State power company Electricite du Liban (EDL), for instance, has increased its tariffs and aligned its prices with the dollar rate.
However, it is only providing four hours of electricity, leaving Lebanese reliant on privately owned generators, controlled by a “generator mafia”.
“I was paying $300 per month for the generator in my previous flat for only 17 hours of electricity,” Ms Nahas said.
Still, Ms Nahas is among the lucky ones, her income being in dollars. For many in the public sector, the situation is dire. Despite the exchange rate rising by a factor of 60, compared with pre-crisis levels, administrative salaries, for instance, have only increased ninefold.
Ms Abou Nassif said that her husband's pension, as a retired army officer, was now only $190, down from $800 before the crisis.
“I need $1,000 per month, just for the bare minimum, which includes at least $300 for medication for both of us,” she said.
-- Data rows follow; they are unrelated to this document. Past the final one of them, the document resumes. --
lemma exp_sum_eq_0_if_many_zeros:
  fixes c b :: "'i \<Rightarrow> real"
  assumes "finite I"
  shows "card I \<le> card Z \<Longrightarrow> \<forall>z\<in>Z. (\<Sum>i\<in>I. c i * exp (b i * z)) = 0 \<Longrightarrow>
    (\<Sum>i\<in>I. c i * exp (b i * x)) = 0"
  using assms
proof (induction I arbitrary: c b Z x rule: finite_induct)
  case empty
  then show ?case by simp
next
  case (insert a I)
  \<comment> \<open>Divide by the exponential of index a and differentiate: one term disappears, and by
      Rolle at most one zero is lost.\<close>
  define \<psi> where "\<psi> x = c a + (\<Sum>i\<in>I. c i * exp ((b i - b a) * x))" for x
  define \<psi>' where "\<psi>' x = (\<Sum>i\<in>I. (c i * (b i - b a)) * exp ((b i - b a) * x))" for x
  have factor: "(\<Sum>i\<in>insert a I. c i * exp (b i * x)) = exp (b a * x) * \<psi> x" for x
    using insert.hyps unfolding \<psi>_def
    by (simp add: algebra_simps sum_distrib_left exp_diff)
  have deriv: "(\<psi> has_real_derivative \<psi>' x) (at x)" for x
    unfolding \<psi>_def \<psi>'_def by (auto intro!: derivative_eq_intros simp: algebra_simps)
  obtain Z1 where Z1: "Z1 \<subseteq> Z" "card Z1 = Suc (card I)"
    using insert.prems(1) insert.hyps by (metis card_insert_disjoint obtain_subset_with_card_n)
  have zeros: "\<forall>z\<in>Z1. \<psi> z = 0" using insert.prems(2) Z1(1) factor by auto
  obtain Z' where "card Z' = card I" "\<forall>z\<in>Z'. \<psi>' z = 0"
    using Rolle_card_zeros[OF deriv Z1(2) zeros] by blast
  then have "\<psi>' y = 0" for y
    using insert.IH[of Z' "\<lambda>i. c i * (b i - b a)" "\<lambda>i. b i - b a" y] unfolding \<psi>'_def by auto
  then have const: "\<psi> x = \<psi> y" for y
    using deriv DERIV_isconst_all by metis
  obtain z where "z \<in> Z1" using Z1(2) by fastforce
  then have "\<psi> x = 0" using zeros const by metis
  then show ?case using factor by simp
qed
She said she relies on remittances from her family, which made up 37.8 per cent of Lebanon’s gross domestic product in 2022, according to UN Development Programme.
If a handful of the well-off are able to drive consumption, filling bars and restaurants, stark inequalities remain.
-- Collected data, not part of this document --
(* Fix $0<\alpha<2\le\kappa$. Let $X_1$ be the number of potential offspring of a given parent pair in a generation where, with probability $\varepsilon_N\in(0,1)$, $X_1\vartriangleright\mathbb L(\alpha,\zeta(N))$ and otherwise $X_1\vartriangleright\mathbb L(\kappa,\zeta(N))$. Suppose that, as $N\to\infty$, $\varepsilon_N=O(\zeta(N)^{\alpha-1})$ when $0<\alpha<1$, $\varepsilon_N=O(1/\log\zeta(N))$ when $\alpha=1$, and $\varepsilon_N=O(1)$ when $\alpha>1$. Then $\limsup_{N\to\infty}\mathbb E[X_1]<\infty$.
   Context: For $a>0$ and a positive integer-valued deterministic function $\zeta(N)$, $X\vartriangleright\mathbb L(a,\zeta(N))$ means: $\mathbb P(X\le\zeta(N))=1$, the mass outside $\{2,\dots,\zeta(N)\}$ lies on $\{0,1\}$, and for $k\in\{2,\dots,\zeta(N)\}$, $g_a(k)(k^{-a}-(1+k)^{-a})\le\mathbb P(X=k)\le f_a(k)(k^{-a}-(1+k)^{-a})$, where $g_a\le f_a$ are bounded positive functions on $\mathbb N$ with $\inf_k\sup_{i\ge k}f_a(i)<\infty$ and $\sup_k\inf_{i\ge k}g_a(i)>0$, and it is assumed that $\mathbb E[X]>2$. *)

theory Defs
  imports "HOL-Probability.Probability" "HOL-Library.Landau_Symbols"
begin

definition admissible_env :: "(nat \<Rightarrow> real) \<Rightarrow> (nat \<Rightarrow> real) \<Rightarrow> bool" where
  "admissible_env g f \<longleftrightarrow>
     (\<forall>k. 0 < g k \<and> g k \<le> f k) \<and> bounded (range f) \<and> bounded (range g) \<and>
     (\<exists>B. \<exists>k. \<forall>i\<ge>k. f i \<le> B) \<and>
     (\<exists>c>0. \<exists>k. \<forall>i\<ge>k. c \<le> g i)"

definition in_L :: "real \<Rightarrow> (nat \<Rightarrow> real) \<Rightarrow> (nat \<Rightarrow> real) \<Rightarrow> nat \<Rightarrow> nat pmf \<Rightarrow> bool" where
  "in_L a g f z P \<longleftrightarrow>
     measure_pmf.prob P {..z} = 1 \<and>
     set_pmf P \<subseteq> {0, 1} \<union> {2..z} \<and>
     (\<forall>k\<in>{2..z}. g k * (real k powr (-a) - (1 + real k) powr (-a)) \<le> pmf P k \<and>
                 pmf P k \<le> f k * (real k powr (-a) - (1 + real k) powr (-a))) \<and>
     measure_pmf.expectation P real > 2"

end

theory Submission
  imports Defs
begin

text \<open>
  Conditioning on the coin, E[X] \<le> \<epsilon> E[A] + E[K].  For a law in L(a, z) with envelope
  f \<le> B, the mean value theorem gives k (k^-a - (k+1)^-a) \<le> a k^-a, so
  E \<le> 1 + B a \<Sum>_{k=2..z} k^-a.  Comparing these partial sums with an antiderivative
  of t^-a bounds them by z^(1-a)/(1-a), ln z or 1/(a-1) according as a < 1, a = 1 or a > 1.
  Hence E[K] is bounded because \<kappa> > 1, and the hypotheses on \<epsilon> are exactly what keeps
  \<epsilon> \<Sum>_{k=2..z} k^-\<alpha> bounded.
\<close>

lemma powr_diff_mean_value:
  fixes x y p :: real
  assumes "0 < x" "x < y"
  obtains z where "x < z" "z < y" "y powr p - x powr p = (y - x) * (p * z powr (p - 1))"
proof -
  have "\<exists>z>x. z < y \<and> y powr p - x powr p = (y - x) * (p * z powr (p - 1))"
    using assms by (intro MVT2) (auto intro!: derivative_eq_intros)
  then show ?thesis
    using that by blast
qed

lemma powr_diff_add_one_le:
  fixes a x :: real
  assumes "0 < a" "0 < x"
  shows "x powr -a - (x + 1) powr -a \<le> a * x powr (-a - 1)"
proof -
  obtain z where z: "x < z"
    "(x + 1) powr -a - x powr -a = (x + 1 - x) * (-a * z powr (-a - 1))"
    using powr_diff_mean_value[of x "x + 1" "-a"] assms(2) by auto
  have "a * z powr (-a - 1) \<le> a * x powr (-a - 1)"
    using z(1) assms by (intro mult_left_mono powr_mono2') auto
  then show ?thesis
    using z(2) by (simp add: algebra_simps)
qed

lemma powr_add_one_le_antiderivative_diff:
  fixes a x :: real
  assumes "0 < a" "a \<noteq> 1" "0 < x"
  shows "(x + 1) powr -a \<le> ((x + 1) powr (1 - a) - x powr (1 - a)) / (1 - a)"
proof -
  obtain z where z: "x < z" "z < x + 1"
    "(x + 1) powr (1 - a) - x powr (1 - a) = (x + 1 - x) * ((1 - a) * z powr (1 - a - 1))"
    using powr_diff_mean_value[of x "x + 1" "1 - a"] assms(3) by auto
  have "(x + 1) powr -a \<le> z powr -a"
    using z assms by (intro powr_mono2') auto
  then show ?thesis
    using z(3) assms(2) by simp
qed

lemma inverse_add_one_le_ln_diff:
  fixes x :: real
  assumes "0 < x"
  shows "1 / (x + 1) \<le> ln (x + 1) - ln x"
proof -
  have "ln (x / (x + 1)) \<le> x / (x + 1) - 1"
    using assms by (intro ln_le_minus_one) auto
  also have "x / (x + 1) - 1 = - (1 / (x + 1))"
    using assms by (simp add: field_simps)
  finally show ?thesis
    using assms by (simp add: ln_div)
qed

lemma sum_le_telescope:
  fixes t F :: "nat \<Rightarrow> real"
  assumes "\<And>i. m \<le> i \<Longrightarrow> i < n \<Longrightarrow> t (Suc i) \<le> F (Suc i) - F i" "m \<le> n"
  shows "(\<Sum>k = Suc m..n. t k) \<le> F n - F m"
  using assms(2,1)
proof (induction n rule: dec_induct)
  case base
  then show ?case by simp
next
  case (step n)
  then show ?case by fastforce
qed

lemma sum_powr_le:
  fixes a :: real
  assumes "0 < a" "a \<noteq> 1" "1 \<le> n"
  shows "(\<Sum>k = 2..n. real k powr -a) \<le> (real n powr (1 - a) - 1) / (1 - a)"
proof -
  have "real (Suc i) powr -a \<le> real (Suc i) powr (1 - a) / (1 - a) - real i powr (1 - a) / (1 - a)"
    if "1 \<le> i" for i
    using powr_add_one_le_antiderivative_diff[OF assms(1,2), of "real i"] that
    by (simp add: diff_divide_distrib add.commute)
  then show ?thesis
    using sum_le_telescope[of 1 n "\<lambda>k. real k powr -a" "\<lambda>k. real k powr (1 - a) / (1 - a)"] assms(3)
    by (simp add: numeral_2_eq_2 diff_divide_distrib)
qed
According to a World Bank report published this month, Lebanon's poverty gap has risen to 9.4 per cent in 2022, from 3 per cent in 2012, while the proportion of poor nationals has tripled to 33 per cent from a decade ago.
For Prof Rizkallah, the problem is not dollarisation but the authorities' slow pace in undertaking reforms, five years into the crisis.
“Prices are now returning to a normal level,” she said, stressing that the lifting of subsidies, which had kept prices artificially low at a very high cost, also played a role.
“But this is suffocating for the poorest segments of the population.
“The sooner we decide on an exchange rate regime, the sooner we limit the damage and can mitigate the impact on the poorest. The longer we wait, the more significant the social consequences become.”